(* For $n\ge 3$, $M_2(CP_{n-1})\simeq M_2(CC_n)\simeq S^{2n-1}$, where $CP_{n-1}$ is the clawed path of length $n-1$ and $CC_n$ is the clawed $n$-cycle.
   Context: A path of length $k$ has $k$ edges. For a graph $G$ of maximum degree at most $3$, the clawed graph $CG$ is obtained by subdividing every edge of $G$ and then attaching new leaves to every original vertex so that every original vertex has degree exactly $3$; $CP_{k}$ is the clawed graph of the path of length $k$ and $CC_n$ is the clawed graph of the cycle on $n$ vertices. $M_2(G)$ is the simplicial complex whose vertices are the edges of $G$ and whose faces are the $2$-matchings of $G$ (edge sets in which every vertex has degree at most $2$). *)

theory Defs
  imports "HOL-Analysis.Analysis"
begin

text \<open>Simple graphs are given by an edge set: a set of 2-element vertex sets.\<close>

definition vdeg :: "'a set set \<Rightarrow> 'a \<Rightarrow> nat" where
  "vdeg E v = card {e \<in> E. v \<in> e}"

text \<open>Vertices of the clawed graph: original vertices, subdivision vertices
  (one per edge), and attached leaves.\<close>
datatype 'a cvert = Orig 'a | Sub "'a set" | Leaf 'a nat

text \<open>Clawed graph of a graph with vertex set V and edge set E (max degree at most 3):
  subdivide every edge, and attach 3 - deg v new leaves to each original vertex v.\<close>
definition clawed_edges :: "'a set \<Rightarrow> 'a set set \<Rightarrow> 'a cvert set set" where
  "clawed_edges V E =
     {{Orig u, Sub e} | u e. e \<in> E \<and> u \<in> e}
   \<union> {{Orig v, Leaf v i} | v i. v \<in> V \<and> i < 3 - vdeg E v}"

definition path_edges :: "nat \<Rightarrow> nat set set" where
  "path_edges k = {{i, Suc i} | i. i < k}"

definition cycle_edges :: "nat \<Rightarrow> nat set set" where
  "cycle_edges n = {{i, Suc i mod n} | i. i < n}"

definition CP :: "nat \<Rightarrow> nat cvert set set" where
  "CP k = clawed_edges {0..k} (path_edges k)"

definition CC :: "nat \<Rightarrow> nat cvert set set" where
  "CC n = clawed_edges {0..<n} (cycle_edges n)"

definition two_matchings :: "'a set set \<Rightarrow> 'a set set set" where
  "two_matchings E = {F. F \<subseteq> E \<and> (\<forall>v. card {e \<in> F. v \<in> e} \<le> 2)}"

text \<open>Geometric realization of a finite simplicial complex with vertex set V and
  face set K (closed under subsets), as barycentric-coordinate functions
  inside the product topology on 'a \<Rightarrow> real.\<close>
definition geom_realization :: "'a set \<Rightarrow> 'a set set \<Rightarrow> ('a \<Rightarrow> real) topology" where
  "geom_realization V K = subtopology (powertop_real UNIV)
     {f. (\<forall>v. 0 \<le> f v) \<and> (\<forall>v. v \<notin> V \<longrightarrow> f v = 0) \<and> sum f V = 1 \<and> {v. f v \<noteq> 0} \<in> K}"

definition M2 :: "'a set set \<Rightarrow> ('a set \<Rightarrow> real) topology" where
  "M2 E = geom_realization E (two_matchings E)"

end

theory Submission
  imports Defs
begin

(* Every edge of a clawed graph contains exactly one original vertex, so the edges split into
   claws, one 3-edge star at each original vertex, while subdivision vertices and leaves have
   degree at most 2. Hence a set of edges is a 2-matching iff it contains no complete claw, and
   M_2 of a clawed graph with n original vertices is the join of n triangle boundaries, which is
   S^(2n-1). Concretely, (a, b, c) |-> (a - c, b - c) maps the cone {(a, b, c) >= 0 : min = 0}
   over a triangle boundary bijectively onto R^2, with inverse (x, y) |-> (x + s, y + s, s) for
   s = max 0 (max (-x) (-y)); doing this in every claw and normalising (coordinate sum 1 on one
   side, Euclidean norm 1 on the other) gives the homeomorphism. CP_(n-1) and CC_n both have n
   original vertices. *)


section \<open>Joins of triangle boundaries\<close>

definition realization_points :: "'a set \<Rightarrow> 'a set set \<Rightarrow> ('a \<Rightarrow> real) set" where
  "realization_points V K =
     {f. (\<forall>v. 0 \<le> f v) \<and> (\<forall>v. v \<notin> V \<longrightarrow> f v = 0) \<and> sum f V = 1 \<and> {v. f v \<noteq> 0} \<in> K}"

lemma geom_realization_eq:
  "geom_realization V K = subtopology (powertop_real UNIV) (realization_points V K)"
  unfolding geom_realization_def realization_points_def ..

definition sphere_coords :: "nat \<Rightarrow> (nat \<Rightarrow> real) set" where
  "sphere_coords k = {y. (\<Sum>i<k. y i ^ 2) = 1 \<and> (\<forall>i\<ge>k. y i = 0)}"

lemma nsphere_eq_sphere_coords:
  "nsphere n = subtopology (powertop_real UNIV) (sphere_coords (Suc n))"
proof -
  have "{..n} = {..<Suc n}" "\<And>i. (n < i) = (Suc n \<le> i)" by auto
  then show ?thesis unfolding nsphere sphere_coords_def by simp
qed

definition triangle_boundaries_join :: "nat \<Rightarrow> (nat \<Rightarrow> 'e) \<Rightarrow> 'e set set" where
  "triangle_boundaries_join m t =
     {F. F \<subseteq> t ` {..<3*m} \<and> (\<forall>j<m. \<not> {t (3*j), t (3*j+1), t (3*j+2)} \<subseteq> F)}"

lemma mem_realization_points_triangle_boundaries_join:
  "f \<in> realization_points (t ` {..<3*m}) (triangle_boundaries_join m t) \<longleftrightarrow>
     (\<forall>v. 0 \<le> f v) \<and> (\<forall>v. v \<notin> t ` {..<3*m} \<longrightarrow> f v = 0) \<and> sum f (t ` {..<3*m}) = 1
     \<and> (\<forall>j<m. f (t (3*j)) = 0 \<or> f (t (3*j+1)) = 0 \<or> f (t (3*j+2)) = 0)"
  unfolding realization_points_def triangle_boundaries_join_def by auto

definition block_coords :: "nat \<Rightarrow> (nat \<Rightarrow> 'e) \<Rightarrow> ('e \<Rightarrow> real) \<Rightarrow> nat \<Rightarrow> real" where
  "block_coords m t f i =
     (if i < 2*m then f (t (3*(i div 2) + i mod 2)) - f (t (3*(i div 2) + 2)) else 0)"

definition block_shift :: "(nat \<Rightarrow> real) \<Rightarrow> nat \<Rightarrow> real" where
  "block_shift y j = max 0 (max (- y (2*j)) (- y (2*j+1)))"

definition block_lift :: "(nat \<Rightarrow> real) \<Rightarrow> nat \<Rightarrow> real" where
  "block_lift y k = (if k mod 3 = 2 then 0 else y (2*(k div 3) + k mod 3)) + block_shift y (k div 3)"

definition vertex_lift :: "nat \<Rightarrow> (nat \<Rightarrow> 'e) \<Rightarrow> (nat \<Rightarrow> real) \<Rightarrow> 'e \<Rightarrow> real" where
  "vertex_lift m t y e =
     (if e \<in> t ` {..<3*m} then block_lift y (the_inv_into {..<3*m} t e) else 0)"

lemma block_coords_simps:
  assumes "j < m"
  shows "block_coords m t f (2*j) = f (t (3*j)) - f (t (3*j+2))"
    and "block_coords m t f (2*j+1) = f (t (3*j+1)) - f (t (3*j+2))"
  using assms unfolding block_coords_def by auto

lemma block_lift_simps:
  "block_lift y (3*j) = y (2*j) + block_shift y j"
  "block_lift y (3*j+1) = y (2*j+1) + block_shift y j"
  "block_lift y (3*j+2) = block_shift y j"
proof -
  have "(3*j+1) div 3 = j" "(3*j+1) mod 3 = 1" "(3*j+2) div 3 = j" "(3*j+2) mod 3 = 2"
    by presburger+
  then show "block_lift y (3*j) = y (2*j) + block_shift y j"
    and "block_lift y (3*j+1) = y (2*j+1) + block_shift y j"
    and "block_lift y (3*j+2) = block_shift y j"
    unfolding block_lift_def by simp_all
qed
* * *
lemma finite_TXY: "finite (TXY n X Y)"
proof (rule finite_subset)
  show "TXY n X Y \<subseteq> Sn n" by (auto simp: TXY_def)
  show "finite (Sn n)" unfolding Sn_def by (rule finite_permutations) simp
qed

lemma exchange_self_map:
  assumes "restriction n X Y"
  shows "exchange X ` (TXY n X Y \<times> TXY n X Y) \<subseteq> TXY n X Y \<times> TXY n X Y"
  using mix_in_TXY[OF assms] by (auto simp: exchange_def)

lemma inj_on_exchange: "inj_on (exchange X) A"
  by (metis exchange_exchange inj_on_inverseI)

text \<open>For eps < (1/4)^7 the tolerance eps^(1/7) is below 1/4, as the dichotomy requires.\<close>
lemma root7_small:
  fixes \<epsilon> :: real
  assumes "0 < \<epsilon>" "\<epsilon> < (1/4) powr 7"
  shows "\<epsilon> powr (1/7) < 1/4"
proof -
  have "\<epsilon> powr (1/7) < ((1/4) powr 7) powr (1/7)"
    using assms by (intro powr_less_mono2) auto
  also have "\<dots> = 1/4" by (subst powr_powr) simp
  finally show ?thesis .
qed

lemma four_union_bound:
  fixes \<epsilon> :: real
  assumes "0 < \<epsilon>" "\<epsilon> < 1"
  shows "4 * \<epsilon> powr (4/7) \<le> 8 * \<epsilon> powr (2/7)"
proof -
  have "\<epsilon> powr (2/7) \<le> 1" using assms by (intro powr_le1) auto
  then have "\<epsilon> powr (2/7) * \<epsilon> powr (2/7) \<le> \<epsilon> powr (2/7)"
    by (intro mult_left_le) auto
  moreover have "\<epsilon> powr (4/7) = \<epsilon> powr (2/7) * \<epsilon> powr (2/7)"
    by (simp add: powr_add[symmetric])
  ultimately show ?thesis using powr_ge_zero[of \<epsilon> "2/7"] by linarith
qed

:: Task brief ::
Using the material above, transcribe exactly the lines from the line with "imports Defs" to the line with "M_2 of a clawed"; both count, and nothing else goes in.

:: Completed task ::
  imports Defs
begin

(* Every edge of a clawed graph contains exactly one original vertex, so the edges split into
   claws, one 3-edge star at each original vertex, while subdivision vertices and leaves have
   degree at most 2. Hence a set of edges is a 2-matching iff it contains no complete claw, and
   M_2 of a clawed graph with n original vertices is the join of n triangle boundaries, which is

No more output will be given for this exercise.